Find the line with "increases, \<open>M\<close> grows" in the entries below, then reproduce it and every line after it down to and including the line with "unfolding walk_def by (auto", exactly.

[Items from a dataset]
• • • •
(* Let $G=(V,E)$ be an undirected, unweighted, 2-edge-connected graph and let $T$ be a spanning tree of $G$. Then for every edge $e$ of $T$ there exists a set $C\subseteq S_e$ with $|C|\le 6$ such that for every swap edge $f\in S_e$, $C$ contains an edge that is critical for $f$.
   Context: $d_T(u,v)$ denotes the number of edges on the unique path between $u$ and $v$ in the tree $T$. For an edge $e$ of $T$, let $X$ and $Y=V\setminus X$ be the vertex sets of the two connected components of $T-e$. The set $S_e$ of swap edges of $e$ consists of all edges of $E\setminus\{e\}$ with one endpoint in $X$ and the other in $Y$; each swap edge is written $(u,v)$ with $u\in X$, $v\in Y$. For $f=(x,y)\in S_e$, let $T_{e/f}$ be the tree obtained from $T$ by replacing $e$ with $f$; for $g=(a,b)\in S_e$ one has $d_{T_{e/f}}(a,b)=d_T(x,a)+1+d_T(b,y)$. An edge $g=(a,b)\in S_e$ is called critical for $f=(x,y)\in S_e$ if $$d_T(x,a)+1+d_T(b,y)=\max_{(a'',b'')\in S_e}\big(d_T(x,a'')+1+d_T(b'',y)\big),$$ i.e. $g$ attains the maximum stretch of $T_{e/f}$ over the swap edges of $e$. *)

theory Defs
  imports Main
begin

definition graph :: "'a set \<Rightarrow> 'a set set \<Rightarrow> bool" where
  "graph V E \<longleftrightarrow> finite V \<and> (\<forall>e\<in>E. \<exists>u v. e = {u, v} \<and> u \<noteq> v \<and> u \<in> V \<and> v \<in> V)"

definition walk :: "'a set set \<Rightarrow> 'a list \<Rightarrow> bool" where
  "walk E xs \<longleftrightarrow> xs \<noteq> [] \<and> (\<forall>i. Suc i < length xs \<longrightarrow> {xs ! i, xs ! Suc i} \<in> E)"

definition reachable :: "'a set set \<Rightarrow> 'a \<Rightarrow> 'a \<Rightarrow> bool" where
  "reachable E u v \<longleftrightarrow> (\<exists>xs. walk E xs \<and> hd xs = u \<and> last xs = v)"

definition connected_graph :: "'a set \<Rightarrow> 'a set set \<Rightarrow> bool" where
  "connected_graph V E \<longleftrightarrow> (\<forall>u\<in>V. \<forall>v\<in>V. reachable E u v)"

definition two_edge_connected :: "'a set \<Rightarrow> 'a set set \<Rightarrow> bool" where
  "two_edge_connected V E \<longleftrightarrow> connected_graph V E \<and> (\<forall>e\<in>E. connected_graph V (E - {e}))"

definition spanning_tree :: "'a set \<Rightarrow> 'a set set \<Rightarrow> 'a set set \<Rightarrow> bool" where
  "spanning_tree V E T \<longleftrightarrow> T \<subseteq> E \<and> connected_graph V T \<and>
     (\<forall>e\<in>T. \<not> connected_graph V (T - {e}))"

definition dist :: "'a set set \<Rightarrow> 'a \<Rightarrow> 'a \<Rightarrow> nat" where
  "dist E u v = (LEAST n. \<exists>xs. walk E xs \<and> hd xs = u \<and> last xs = v \<and> length xs = Suc n)"

text \<open>For the tree edge e = {p,q}: X is the vertex set of the component of T - e containing p,
  Y = V - X.  Swap edges are recorded as oriented pairs (u,v) with u in X and v in Y.\<close>

definition side :: "'a set \<Rightarrow> 'a set set \<Rightarrow> 'a \<Rightarrow> 'a \<Rightarrow> 'a set" where
  "side V T p q = {v\<in>V. reachable (T - {{p, q}}) p v}"

definition swap_edges :: "'a set \<Rightarrow> 'a set set \<Rightarrow> 'a set set \<Rightarrow> 'a \<Rightarrow> 'a \<Rightarrow> ('a \<times> 'a) set" where
  "swap_edges V E T p q = {(u, v). u \<in> side V T p q \<and> v \<in> V - side V T p q \<and>
       {u, v} \<in> E - {{p, q}}}"

definition critical :: "'a set \<Rightarrow> 'a set set \<Rightarrow> 'a set set \<Rightarrow> 'a \<Rightarrow> 'a \<Rightarrow> 'a \<times> 'a \<Rightarrow> 'a \<times> 'a \<Rightarrow> bool" where
  "critical V E T p q g f \<longleftrightarrow>
     (case f of (x, y) \<Rightarrow> case g of (a, b) \<Rightarrow>
        dist T x a + 1 + dist T b y =
        Max ((\<lambda>(a'', b''). dist T x a'' + 1 + dist T b'' y) ` swap_edges V E T p q))"

end

theory Submission
  imports Defs
begin

text \<open>For a swap edge \<open>f = (x, y)\<close> the stretch of \<open>g = (a, b)\<close> is \<open>d(x,a) + 1 + d(b,y)\<close>.
  The four-point condition of tree metrics shows that this stretch is maximised by one of the two
  edges of any pair \<open>(a,b), (a',b')\<close> maximising \<open>d(x,a) + d(x,a') + d(b,b')\<close>. So it suffices that
  three pairs serve as such maximisers for every \<open>x\<close>. This holds for the upper envelope \<open>M\<close> of any
  finite family of functions \<open>x \<mapsto> d(x,s\<^sub>i) + d(x,t\<^sub>i) + w\<^sub>i\<close> on a tree: take \<open>z\<close> minimising \<open>M\<close>,
  a member \<open>l\<close> attaining \<open>M z\<close> with \<open>d(s\<^sub>l,t\<^sub>l) + w\<^sub>l\<close> maximal, and members attaining \<open>M\<close> at
  \<open>s\<^sub>l\<close> and at \<open>t\<^sub>l\<close>. Along an edge leaving \<open>z\<close> on which every maximiser increases, \<open>M\<close> grows
  with slope 2, and one maximiser covers the whole far side of that edge.\<close>

lemma walk_Nil [simp]: "\<not> walk E []"
  by (simp add: walk_def)

lemma walk_single [simp]: "walk E [x]"
  by (simp add: walk_def)

lemma walk_Cons_Cons: "walk E (x # y # xs) \<longleftrightarrow> {x, y} \<in> E \<and> walk E (y # xs)"
  unfolding walk_def by (auto simp: nth_Cons split: nat.splits)

lemma walk_ConsD: "walk E (x # xs) \<Longrightarrow> xs \<noteq> [] \<Longrightarrow> walk E xs"
  by (cases xs) (auto simp: walk_Cons_Cons)

lemma walk_append:
  assumes "walk E xs" "walk E ys" "last xs = hd ys"
  shows "walk E (xs @ tl ys)"
  using assms
proof (induction xs)
  case (Cons x xs)
  show ?case
  proof (cases xs)
    case Nil
    then show ?thesis using Cons.prems by (cases ys) auto
  next
    case (Cons y zs)
    then show ?thesis using Cons.IH Cons.prems walk_ConsD by (fastforce simp: walk_Cons_Cons)
  qed
qed simp

lemma walk_rev: "walk E xs \<Longrightarrow> walk E (rev xs)"
proof (induction xs)
  case (Cons x xs)
  show ?case
  proof (cases xs)
    case (Cons y zs)
    then have "walk E (rev xs)" "{y, x} \<in> E"
      using Cons.IH Cons.prems walk_ConsD by (auto simp: walk_Cons_Cons insert_commute)
    then show ?thesis
      using walk_append[of E "rev xs" "[y, x]"] \<open>xs = y # zs\<close> by (simp add: walk_Cons_Cons)
  qed simp
qed simp

lemma walk_take: "walk E xs \<Longrightarrow> 0 < n \<Longrightarrow> walk E (take n xs)"
  unfolding walk_def by auto

lemma walk_drop: "walk E xs \<Longrightarrow> n < length xs \<Longrightarrow> walk E (drop n xs)"
  unfolding walk_def by auto

lemma walk_nth_edge: "walk E xs \<Longrightarrow> Suc i < length xs \<Longrightarrow> {xs ! i, xs ! Suc i} \<in> E"
  unfolding walk_def by auto

lemma walk_leaves_set:
  assumes "walk E xs" "hd xs \<in> A" "last xs \<notin> A"
  shows "\<exists>i. Suc i < length xs \<and> xs ! i \<in> A \<and> xs ! Suc i \<notin> A"
  using assms
proof (induction xs)
  case (Cons x xs)
  have "xs \<noteq> []" using Cons.prems(2,3) by auto
  then obtain y ys where xs: "xs = y # ys" by (meson neq_Nil_conv)
  show ?case
  proof (cases "y \<in> A")
    case True
    have "walk E xs" using Cons.prems(1) \<open>xs \<noteq> []\<close> by (rule walk_ConsD)
    moreover have "hd xs \<in> A" "last xs \<notin> A" using True xs Cons.prems(3) by simp_all
    ultimately obtain i where "Suc i < length xs" "xs ! i \<in> A" "xs ! Suc i \<notin> A"
      using Cons.IH by blast
    then show ?thesis by (intro exI[of _ "Suc i"]) simp
  next
    case False
    then show ?thesis using Cons.prems(2) xs by (intro exI[of _ 0]) simp
  qed
qed simp

lemma hd_last_append_tl:
  assumes "xs \<noteq> []" "ys \<noteq> []" "last xs = hd ys"
  shows "hd (xs @ tl ys) = hd xs" "last (xs @ tl ys) = last ys"
  using assms by (cases ys; simp add: last_append)+

lemma reachable_refl [simp]: "reachable E u u"
  unfolding reachable_def by (rule exI[of _ "[u]"]) simp

lemma reachable_sym: "reachable E u v \<Longrightarrow> reachable E v u"
  unfolding reachable_def by (metis walk_rev hd_rev last_rev)

lemma reachable_trans: "reachable E u v \<Longrightarrow> reachable E v w \<Longrightarrow> reachable E u w"
  unfolding reachable_def by (metis walk_append hd_last_append_tl walk_Nil)

lemma reachable_edge: "reachable E u a \<Longrightarrow> {a, b} \<in> E \<Longrightarrow> reachable E u b"
  by (rule reachable_trans[of _ _ a]) (auto simp: reachable_def walk_Cons_Cons intro!: exI[of _ "[a, b]"])

lemma reachable_along_walk:
  assumes "walk E xs" "reachable E' u (hd xs)"
    and "\<And>a b. {a, b} \<in> E \<Longrightarrow> reachable E' u a \<Longrightarrow> reachable E' u b"
  shows "reachable E' u (last xs)"
proof -
  have "reachable E' u (xs ! k)" if "k < length xs" for k
    using that
  proof (induction k)
    case 0
    then show ?case using assms(1,2) by (cases xs) auto
  next
    case (Suc k)
    then show ?case using walk_nth_edge[OF assms(1)] assms(3) by auto
  qed
  then show ?thesis using assms(1) by (simp add: last_conv_nth walk_def)
qed

lemma dist_le_walk:
  assumes "walk E xs" "hd xs = u" "last xs = v"
  shows "dist E u v + 1 \<le> length xs"
proof -
  obtain n where n: "length xs = Suc n" using assms(1) by (cases xs) auto
  have "dist E u v \<le> n" unfolding dist_def by (rule Least_le) (use assms n in blast)
  then show ?thesis using n by simp
qed

lemma shortest_walk:
  assumes "reachable E u v"
  obtains xs where "walk E xs" "hd xs = u" "last xs = v" "length xs = Suc (dist E u v)"
proof -
  obtain xs where xs: "walk E xs" "hd xs = u" "last xs = v" using assms unfolding reachable_def by blast
  then obtain n where "length xs = Suc n" by (cases xs) auto
  then have "\<exists>n xs. walk E xs \<and> hd xs = u \<and> last xs = v \<and> length xs = Suc n" using xs by blast
  from LeastI_ex[OF this] show ?thesis unfolding dist_def[symmetric] using that by blast
qed

locale tree =
  fixes V :: "'a set" and T :: "'a set set"
  assumes graph: "graph V T"
    and connected: "connected_graph V T"
    and minimally_connected: "\<And>e. e \<in> T \<Longrightarrow> \<not> connected_graph V (T - {e})"
begin

abbreviation d :: "'a \<Rightarrow> 'a \<Rightarrow> nat" where "d \<equiv> dist T"

lemma finite_vertices: "finite V"
  using graph unfolding graph_def by blast

lemma edge_vertices: "{u, v} \<in> T \<Longrightarrow> u \<noteq> v \<and> u \<in> V \<and> v \<in> V"
  using graph unfolding graph_def by (metis doubleton_eq_iff)

lemma reachable_vertices: "u \<in> V \<Longrightarrow> v \<in> V \<Longrightarrow> reachable T u v"
  using connected unfolding connected_graph_def by blast

lemma dist_self [simp]: "d u u = 0"
  using dist_le_walk[of T "[u]" u u] by simp

lemma dist_eq_0_iff: "u \<in> V \<Longrightarrow> v \<in> V \<Longrightarrow> d u v = 0 \<longleftrightarrow> u = v"
  by (metis dist_self shortest_walk[OF reachable_vertices] length_0_conv last_ConsL
      list.sel(1) Suc_length_conv)

lemma dist_commute: "u \<in> V \<Longrightarrow> v \<in> V \<Longrightarrow> d u v = d v u"
proof -
  have "d b a \<le> d a b" if ab: "a \<in> V" "b \<in> V" for a b
  proof -
    obtain xs where xs: "walk T xs" "hd xs = a" "last xs = b" "length xs = Suc (d a b)"
      using shortest_walk[OF reachable_vertices[OF ab]] .
    have "d b a + 1 \<le> length (rev xs)"
      by (rule dist_le_walk) (use xs walk_rev in \<open>auto simp: hd_rev last_rev\<close>)
    then show ?thesis using xs by simp
  qed
  then show "u \<in> V \<Longrightarrow> v \<in> V \<Longrightarrow> d u v = d v u" by (meson antisym)
qed

lemma dist_triangle: "u \<in> V \<Longrightarrow> v \<in> V \<Longrightarrow> w \<in> V \<Longrightarrow> d u w \<le> d u v + d v w"
proof -
  assume uvw: "u \<in> V" "v \<in> V" "w \<in> V"
  obtain xs where xs: "walk T xs" "hd xs = u" "last xs = v" "length xs = Suc (d u v)"
    using shortest_walk[OF reachable_vertices[OF uvw(1,2)]] .
  obtain ys where ys: "walk T ys" "hd ys = v" "last ys = w" "length ys = Suc (d v w)"
    using shortest_walk[OF reachable_vertices[OF uvw(2,3)]] .
  have "d u w + 1 \<le> length (xs @ tl ys)"
  proof (rule dist_le_walk[OF walk_append[OF xs(1) ys(1)]])
    have "xs \<noteq> []" "ys \<noteq> []" using xs(1) ys(1) by auto
    then show "hd (xs @ tl ys) = u" "last (xs @ tl ys) = w"
      using hd_last_append_tl[of xs ys] xs ys by auto
  qed (use xs ys in simp)
  then show ?thesis using xs ys by simp
qed

lemma dist_edge: "{u, v} \<in> T \<Longrightarrow> d u v = 1"
proof -
  assume uv: "{u, v} \<in> T"
  have "d u v + 1 \<le> length [u, v]"
    by (rule dist_le_walk) (use uv in \<open>auto simp: walk_Cons_Cons\<close>)
  moreover have "d u v \<noteq> 0" using dist_eq_0_iff edge_vertices[OF uv] by blast
  ultimately show ?thesis by simp
qed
• • • •
**ANSWER FOR THE TASK**:
  \<open>s\<^sub>l\<close> and at \<open>t\<^sub>l\<close>. Along an edge leaving \<open>z\<close> on which every maximiser increases, \<open>M\<close> grows
  with slope 2, and one maximiser covers the whole far side of that edge.\<close>

lemma walk_Nil [simp]: "\<not> walk E []"
  by (simp add: walk_def)

lemma walk_single [simp]: "walk E [x]"
  by (simp add: walk_def)

lemma walk_Cons_Cons: "walk E (x # y # xs) \<longleftrightarrow> {x, y} \<in> E \<and> walk E (y # xs)"
  unfolding walk_def by (auto simp: nth_Cons split: nat.splits)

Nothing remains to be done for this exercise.